Инженер вышел из машины с жестяной коробкой, взял из нее блесну с тройником, и блесны потянулись гроздью в половину коробки. «Тебе, держи!» Алеша молча принял подарок, а Клементьев осторожно вынул из машины одноручный спиннинг и сказал тихо, чтобы не услышала жена: «Без спиннинга и блёсны ни к чему. Бери. Блесны в неделю оборвешь, в реке оставишь, а спиннинг надолго; будешь нас вспоминать». Оба вздрогнули от резкого, как окрик, гудка, и Клементьев распрощался с Алешей.
Далеко на повороте мелькнули красные огоньки и скрылись, затих в ночи гул мотора, Алеша все стоял у калитки с дарами, о которых и мечтать не мог, стоял, пока мать не загремела запорами на крыльце.
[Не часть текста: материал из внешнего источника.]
lemmas L_simps [simp] =
  bilinear_ladd[OF bilinear_L] bilinear_radd[OF bilinear_L]
  bilinear_lmul[OF bilinear_L] bilinear_rmul[OF bilinear_L]
  bilinear_lneg[OF bilinear_L] bilinear_rneg[OF bilinear_L]
  bilinear_lsub[OF bilinear_L] bilinear_rsub[OF bilinear_L]
  bilinear_lzero[OF bilinear_L] bilinear_rzero[OF bilinear_L]

lemma LC_torsion_free: "L u v - L v u = br u v"
proof (rule onb_UNIV_eqI[OF onb_UNIV])
  fix w
  have "B (br v u) w = - B (br u v) w" by (subst br_antisym) simp
  then show "B (L u v - L v u) w = B (br u v) w" by (simp add: LC_inner field_simps)
qed

lemma LC_skew: "B (L u a) b = - B a (L u b)"
proof -
  have "B (br b a) u = - B (br a b) u" by (subst br_antisym) simp
  moreover have "B (br u a) b = - B (br a u) b" by (subst br_antisym) simp
  moreover have "B (br u b) a = - B (br b u) a" by (subst br_antisym) simp
  ultimately show ?thesis by (simp add: LC_inner B_sym[of a] field_simps)
qed

lemma ricci_inner: "B (ricci br B u) v = trace (\<lambda>w. curv br B u w v)"
proof -
  define \<phi> where "\<phi> v = trace (\<lambda>w. curv br B u w v)" for v
  have lin: "linear \<phi>"
  proof (rule linearI)
    show "\<phi> (a + b) = \<phi> a + \<phi> b" for a b
      unfolding \<phi>_def curv_def by (simp add: trace_add[symmetric] algebra_simps)
    show "\<phi> (c *\<^sub>R a) = c *\<^sub>R \<phi> a" for c a
      unfolding \<phi>_def curv_def by (simp add: trace_scale[symmetric] algebra_simps)
  qed
  define x0 where "x0 = (\<Sum>e\<in>E. (B e e * \<phi> e) *\<^sub>R e)"
  have x0: "B x0 w = \<phi> w" for w using onb_UNIV_riesz[OF onb_UNIV lin] by (simp add: x0_def)
  have "ricci br B u = x0"
    unfolding ricci_def
  proof (rule the_equality)
    show "\<forall>v. B x0 v = trace (\<lambda>w. curv br B u w v)" by (simp add: x0 \<phi>_def)
    fix x assume "\<forall>v. B x v = trace (\<lambda>w. curv br B u w v)"
    then have "B x w = B x0 w" for w by (simp add: x0 \<phi>_def)
    then show "x = x0" by (rule onb_UNIV_eqI[OF onb_UNIV])
  qed
  then show ?thesis by (simp add: x0 \<phi>_def)
qed
(* Let $m\ge 2$, $R>0$, $h\in C^2([0,\infty))$ with $h'(r)\ge 0$, and let $B(R)$ be the ball of radius $R$ centered at the origin. If $\alpha\ge -\sigma_1(B(R);\gamma_h)$, then $\lambda_{2,\alpha}(B(R);\gamma_h)\ge 0$.
   Context: $d\gamma_h=e^{h(|x|)}dx$. $\lambda_{2,\alpha}(B(R);\gamma_h)$ is the second eigenvalue (counted with multiplicity) of the Robin problem $-\operatorname{div}(e^{h(|x|)}\nabla u)=\lambda e^{h(|x|)}u$ in $B(R)$, $\partial u/\partial\nu+\alpha u=0$ on $\partial B(R)$, i.e. $\lambda_{2,\alpha}=\inf\{\frac{\int|\nabla u|^2d\gamma_h+\alpha\int_{\partial B(R)}u^2e^hdA}{\int u^2d\gamma_h}: u\in W^{1,2}\setminus\{0\},\ \int uu_1d\gamma_h=0\}$ with $u_1$ a first eigenfunction. $\sigma_1(B(R);\gamma_h)=\inf\{\frac{\int_{B(R)}|\nabla u|^2d\gamma_h}{\int_{\partial B(R)}u^2e^{h}dA}: u\ne 0,\ \int_{\partial B(R)}ue^{h}dA=0\}$ is the first nonzero Steklov eigenvalue of $-\operatorname{div}(e^{h}\nabla u)=0$, $\partial u/\partial\nu=\sigma u$. *)

theory Defs
  imports "HOL-Analysis.Analysis"
begin

text \<open>Conventions. Points of R^m are vectors of type real^'m; the dimension is CARD('m).
  B(R) = ball 0 R. Integrals are (Henstock-Kurzweil) integrals over the open ball.\<close>

text \<open>Surface integral over the sphere of radius R centred at 0, via the cone-measure
  (polar coordinates) formula: the integral of f over the sphere equals
  (m/R) times the integral over B(R) of f(R x/|x|).\<close>
definition sphere_integral :: "real \<Rightarrow> (real^'m \<Rightarrow> real) \<Rightarrow> real" where
  "sphere_integral R f =
     (real CARD('m) / R) * integral (ball 0 R) (\<lambda>x. f ((R / norm x) *\<^sub>R x))"

text \<open>Integral with respect to d gamma_h = e^{h(|x|)} dx over B(R).\<close>
definition wint :: "(real \<Rightarrow> real) \<Rightarrow> real \<Rightarrow> (real^'m \<Rightarrow> real) \<Rightarrow> real" where
  "wint h R f = integral (ball 0 R) (\<lambda>x. f x * exp (h (norm x)))"

definition bint :: "(real \<Rightarrow> real) \<Rightarrow> real \<Rightarrow> (real^'m \<Rightarrow> real) \<Rightarrow> real" where
  "bint h R f = sphere_integral R (\<lambda>x. f x * exp (h (norm x)))"

definition C1_cball :: "real \<Rightarrow> (real^'m \<Rightarrow> real) \<Rightarrow> (real^'m \<Rightarrow> real^'m) \<Rightarrow> bool" where
  "C1_cball R u g \<longleftrightarrow> continuous_on (cball 0 R) g \<and>
     (\<forall>x\<in>cball 0 R. (u has_derivative (\<lambda>v. g x \<bullet> v)) (at x within cball 0 R))"

definition robin_quot ::
  "(real \<Rightarrow> real) \<Rightarrow> real \<Rightarrow> real \<Rightarrow> (real^'m \<Rightarrow> real) \<Rightarrow> (real^'m \<Rightarrow> real^'m) \<Rightarrow> real" where
  "robin_quot h \<alpha> R u g =
     (wint h R (\<lambda>x. (norm (g x))\<^sup>2) + \<alpha> * bint h R (\<lambda>x. (u x)\<^sup>2)) / wint h R (\<lambda>x. (u x)\<^sup>2)"

definition first_robin_eigenfunction ::
  "(real \<Rightarrow> real) \<Rightarrow> real \<Rightarrow> real \<Rightarrow> (real^'m::finite \<Rightarrow> real) \<Rightarrow> bool" where
  "first_robin_eigenfunction h \<alpha> R u1 \<longleftrightarrow>
     (\<exists>g1. C1_cball R u1 g1 \<and> wint h R (\<lambda>x. (u1 x)\<^sup>2) > 0 \<and>
        (\<forall>(u::real^'m \<Rightarrow> real) g. C1_cball R u g \<and> wint h R (\<lambda>x. (u x)\<^sup>2) > 0 \<longrightarrow>
           robin_quot h \<alpha> R u1 g1 \<le> robin_quot h \<alpha> R u g))"

definition lambda2_robin ::
  "(real \<Rightarrow> real) \<Rightarrow> real \<Rightarrow> real \<Rightarrow> (real^'m \<Rightarrow> real) \<Rightarrow> real" where
  "lambda2_robin h \<alpha> R u1 =
     Inf {robin_quot h \<alpha> R u g | u g. C1_cball R u g \<and> wint h R (\<lambda>x. (u x)\<^sup>2) > 0 \<and>
                                    wint h R (\<lambda>x. u x * u1 x) = 0}"

definition sigma1_steklov :: "(real \<Rightarrow> real) \<Rightarrow> real \<Rightarrow> ('m::finite) itself \<Rightarrow> real" where
  "sigma1_steklov h R _ =
     Inf {wint h R (\<lambda>x. (norm (g x))\<^sup>2) / bint h R (\<lambda>x. (u x)\<^sup>2) | u g.
            C1_cball R (u :: real^'m \<Rightarrow> real) g \<and> bint h R (\<lambda>x. (u x)\<^sup>2) > 0 \<and> bint h R u = 0}"

end

theory Submission
  imports Defs
begin

text \<open>If some u orthogonal to the first eigenfunction u1 had negative Robin energy, then so
  would u1, which minimises the Rayleigh quotient. Minimality also forces the first variation
  to vanish: the Robin bilinear form pairs u1 with u to zero. Hence a nontrivial combination
  v = a u + b u1 with vanishing weighted boundary mean has energy a^2 E(u) + b^2 E(u1) < 0.
  But for such v the definition of sigma_1 gives
  E(v) \<ge> \<integral>|\<nabla>v|^2 - sigma_1 \<integral>_\<partial> v^2 \<ge> 0, because alpha \<ge> -sigma_1.\<close>

lemma integrable_on_if_continuous_bounded_off_point:
  fixes F :: "'a::euclidean_space \<Rightarrow> real"
  assumes S: "S \<in> lmeasurable"
    and cont: "continuous_on (S - {a}) F" and bdd: "bounded (F ` (S - {a}))"
  shows "F integrable_on S"
proof -
  obtain B where B: "\<And>x. x \<in> S - {a} \<Longrightarrow> \<bar>F x\<bar> \<le> B"
    using bdd unfolding bounded_real by blast
  have Sa: "S - {a} \<in> lmeasurable"
    using S by (intro fmeasurable_Diff) auto
  then have Sa_leb: "S - {a} \<in> sets lebesgue"
    by (simp add: fmeasurable_def)
  have "F integrable_on S - {a}"
    using measurable_bounded_by_integrable_imp_integrable_real[where g = "\<lambda>_. B",
        OF continuous_imp_measurable_on_sets_lebesgue[OF cont Sa_leb] integrable_on_const[OF Sa]]
      B Sa_leb by blast
  then show ?thesis
    by (rule integrable_spike_set) (auto intro: negligible_subset[of "{a}"])
qed

lemma continuous_on_cball_imp_integrable_on_ball:
  fixes F :: "'a::euclidean_space \<Rightarrow> real"
  assumes "continuous_on (cball c R) F"
  shows "F integrable_on ball c R"
proof (rule integrable_on_if_continuous_bounded_off_point)
  show "continuous_on (ball c R - {c}) F"
    using assms by (rule continuous_on_subset) auto
  have "bounded (F ` cball c R)"
    using assms by (intro compact_imp_bounded compact_continuous_image) auto
  then show "bounded (F ` (ball c R - {c}))"
    by (rule bounded_subset) auto
qed simp

lemma integrable_on_ball_radial_projection:
  fixes F :: "'a::euclidean_space \<Rightarrow> real"
  assumes "continuous_on (sphere 0 R) F" "R > 0"
  shows "(\<lambda>x. F ((R / norm x) *\<^sub>R x)) integrable_on ball 0 R"
proof (rule integrable_on_if_continuous_bounded_off_point)
  have proj: "(\<lambda>x. (R / norm x) *\<^sub>R x) ` (ball 0 R - {0}) \<subseteq> sphere 0 R"
    using assms(2) by (auto split: if_split_asm)
  show "continuous_on (ball 0 R - {0}) (\<lambda>x. F ((R / norm x) *\<^sub>R x))"
    by (rule continuous_on_compose2[OF assms(1) _ proj]) (intro continuous_intros, auto)
  have "bounded (F ` sphere 0 R)"
    using assms(1) by (intro compact_imp_bounded compact_continuous_image) auto
  then show "bounded ((\<lambda>x. F ((R / norm x) *\<^sub>R x)) ` (ball 0 R - {0}))"
    by (rule bounded_subset) (use proj in auto)
qed simp

lemma integral_nonneg_if_nonneg:
  fixes f :: "'a::euclidean_space \<Rightarrow> real"
  shows "(\<And>x. x \<in> S \<Longrightarrow> 0 \<le> f x) \<Longrightarrow> 0 \<le> integral S f"
  by (metis integral_nonneg not_integrable_integral order_refl)

lemma integral_ball_pos_if_continuous_nonneg:
  fixes F :: "'a::euclidean_space \<Rightarrow> real"
  assumes R: "R > 0" and cont: "continuous_on (cball c R) F"
    and nonneg: "\<And>x. x \<in> cball c R \<Longrightarrow> 0 \<le> F x"
    and x0: "x0 \<in> ball c R" "F x0 \<noteq> 0"
  shows "integral (ball c R) F > 0"
proof -
  have int: "F integrable_on ball c R"
    by (rule continuous_on_cball_imp_integrable_on_ball[OF cont])
  have "negligible (cball c R - ball c R)"
    by (simp add: cball_diff_eq_sphere negligible_sphere)
  then have "(F has_integral integral (ball c R) F) (cball c R) \<longleftrightarrow>
      (F has_integral integral (ball c R) F) (ball c R)"
    by (intro has_integral_spike_set_eq) (auto intro: negligible_subset)
  then have on_cball: "(F has_integral integral (ball c R) F) (cball c R)"
    using int by (simp add: has_integral_integral)
  have "integral (ball c R) F \<noteq> 0"
  proof
    assume "integral (ball c R) F = 0"
    then have "(F has_integral 0) (closure (ball c R))"
      using on_cball R by simp
    then have "F x0 = 0"
      using R cont nonneg x0(1) closure_subset[of "ball c R"]
      by (intro has_integral_0_closure_imp_0[of "ball c R" F])
        (auto simp: emeasure_ball emeasure_cball emeasure_lborel_ball_finite)
    with x0(2) show False ..
  qed
  moreover have "integral (ball c R) F \<ge> 0"
    using nonneg by (intro integral_nonneg_if_nonneg) auto
  ultimately show ?thesis
    by linarith
qed

lemma integral_linear_combination3:
  fixes F G H :: "'a::euclidean_space \<Rightarrow> real"
  assumes "F integrable_on S" "G integrable_on S" "H integrable_on S"
  shows "integral S (\<lambda>x. a * F x + b * G x + c * H x) =
    a * integral S F + b * integral S G + c * integral S H"
  using assms by (simp add: integral_add integrable_add integrable_on_mult_right)

lemma sphere_integral_linear_combination3:
  fixes F G H :: "real^'m \<Rightarrow> real"
  assumes "R > 0"
    and "continuous_on (sphere 0 R) F" "continuous_on (sphere 0 R) G" "continuous_on (sphere 0 R) H"
  shows "sphere_integral R (\<lambda>x. a * F x + b * G x + c * H x) =
    a * sphere_integral R F + b * sphere_integral R G + c * sphere_integral R H"
  unfolding sphere_integral_def
  using integral_linear_combination3[OF integrable_on_ball_radial_projection[OF assms(2,1)]
      integrable_on_ball_radial_projection[OF assms(3,1)]
      integrable_on_ball_radial_projection[OF assms(4,1)], of a b c]
  by (simp add: algebra_simps)

lemma linear_coeff_eq_0_if_quadratic_nonneg:
  fixes c d :: real
  assumes "\<And>t. 0 \<le> t\<^sup>2 * d + 2 * t * c"
  shows "c = 0"
proof (rule ccontr)
  assume "c \<noteq> 0"
  define D where "D = \<bar>d\<bar> + 1"
  have "D > 0" "d - 2 * D < 0"
    unfolding D_def by auto
  have "(- c / D)\<^sup>2 * d + 2 * (- c / D) * c = c\<^sup>2 * (d - 2 * D) / D\<^sup>2"
    using \<open>D > 0\<close> by (simp add: field_simps power2_eq_square)
  also have "\<dots> < 0"
    using \<open>c \<noteq> 0\<close> \<open>D > 0\<close> \<open>d - 2 * D < 0\<close> by (simp add: divide_neg_pos mult_pos_neg)
  finally show False
    using assms[of "- c / D"] by simp
qed

lemma exists_nontrivial_linear_relation:
  fixes p q :: real
  obtains a b where "a \<noteq> 0 \<or> b \<noteq> 0" "a * p + b * q = 0"
proof (cases "p = 0 \<and> q = 0")
  case True
  then show ?thesis
    using that[of 1 0] by simp
next
  case False
  then show ?thesis
    using that[of q "- p"] by (auto simp: mult.commute)
qed

lemma C1_cball_imp_continuous_on:
  "C1_cball R u g \<Longrightarrow> continuous_on (cball 0 R) u"
  unfolding C1_cball_def
  by (meson continuous_on_eq_continuous_within has_derivative_continuous)

lemma C1_cball_linear_combination:
  assumes "C1_cball R u g" "C1_cball R w k"
  shows "C1_cball R (\<lambda>x. a * u x + b * w x) (\<lambda>x. a *\<^sub>R g x + b *\<^sub>R k x)"
  unfolding C1_cball_def
proof safe
  show "continuous_on (cball 0 R) (\<lambda>x. a *\<^sub>R g x + b *\<^sub>R k x)"
    using assms unfolding C1_cball_def by (intro continuous_intros) auto
  fix x :: "real^'a"
  assume "x \<in> cball 0 R"
  then have "((\<lambda>x. a * u x + b * w x) has_derivative (\<lambda>v. a * (g x \<bullet> v) + b * (k x \<bullet> v)))
      (at x within cball 0 R)"
    using assms unfolding C1_cball_def by (auto intro!: derivative_eq_intros)
  then show "((\<lambda>x. a * u x + b * w x) has_derivative (\<lambda>v. (a *\<^sub>R g x + b *\<^sub>R k x) \<bullet> v))
      (at x within cball 0 R)"
    by (simp add: inner_add_left)
qed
Подростком Алеша пристрастился к охоте на щук. Ниже плотины на блесну только и попадались щуки, и то редко, в неделю раз. Шлюзовские рыбаки, издали поглядывая на парня (потом отпускного студента, а еще позже — здешнего учителя Алексея Капустина), часами мотавшего и мотавшего на катушку леску, бредущего домой с пустым спиннингом и сухим, топырившим карман куканом, потешались над ним. Редкие дни, когда он переправлялся в деревню паромом, на виду у всех, со щучкой — а то и парой — в глазах шлюзовских дела не меняли: случайная, глупая добыча словно для того и шла к нему, чтобы каторжный труд целой недели без отклика, без поклевки открылся во всей своей скудости. В запретке всегдашний хмельной праздник, звон и трепет в струну натянутых жилок; по-бычьи упираются усатые черные твари, — без багра не взять! — жерех оповещает о себе одним, сбивающим с ног ударом, тяжело волочится по струям и ошеломленно замирает, едва жабры обожжет воздух; живой молнией мечется в глубине подсеченная щука, сражается до конца, не сдается и на песке, норовит ухватить зубастой пастью и пассатижи и пальцы, — там всякий час добыча, промысел, а долгая охота, охота не наверняка, только в глухую непогоду.
У Алексея всегда трудная, недобычливая охота в пустыне, где, кажется, и промышлять некого, где притихшая, скрытная, немая вода безмолвствует, мягко колышется в песчаных заводях, в камышах и речной куге, ничего не обещая рыбаку. Алексей полюбил свою одинокую охоту, как никто знал он дно Оки на большом протяжении, подводные террасы, обрывы, ямы, коряги, полузамытые песком сваи, чернодуб, затонувшие, развалившиеся лодки, мотки затянутой илом проволоки, сети, утопленные когда-то ночью при внезапном налете рыбнадзора и не отысканные потом «кошкой». В любом месте он мог закинуть блесну, наперед зная, где можно дать снасти уйти глубоко, даже и на дно, а где нужно вздернуть удильник и завертеть катушку быстро, минуя корягу или каменную гряду. Единственная его рыбалка на плотине с Клементьевым, который никогда больше не приезжал к ним, вспоминалась Алексею спустя годы дурной, ненастоящей, нарушающей целостность его речной жизни, хотя той ночью, протянув матери тяжеленный кукан, он едва не заплакал от счастья и запоздалой истовой благодарности к укатившим в машине людям.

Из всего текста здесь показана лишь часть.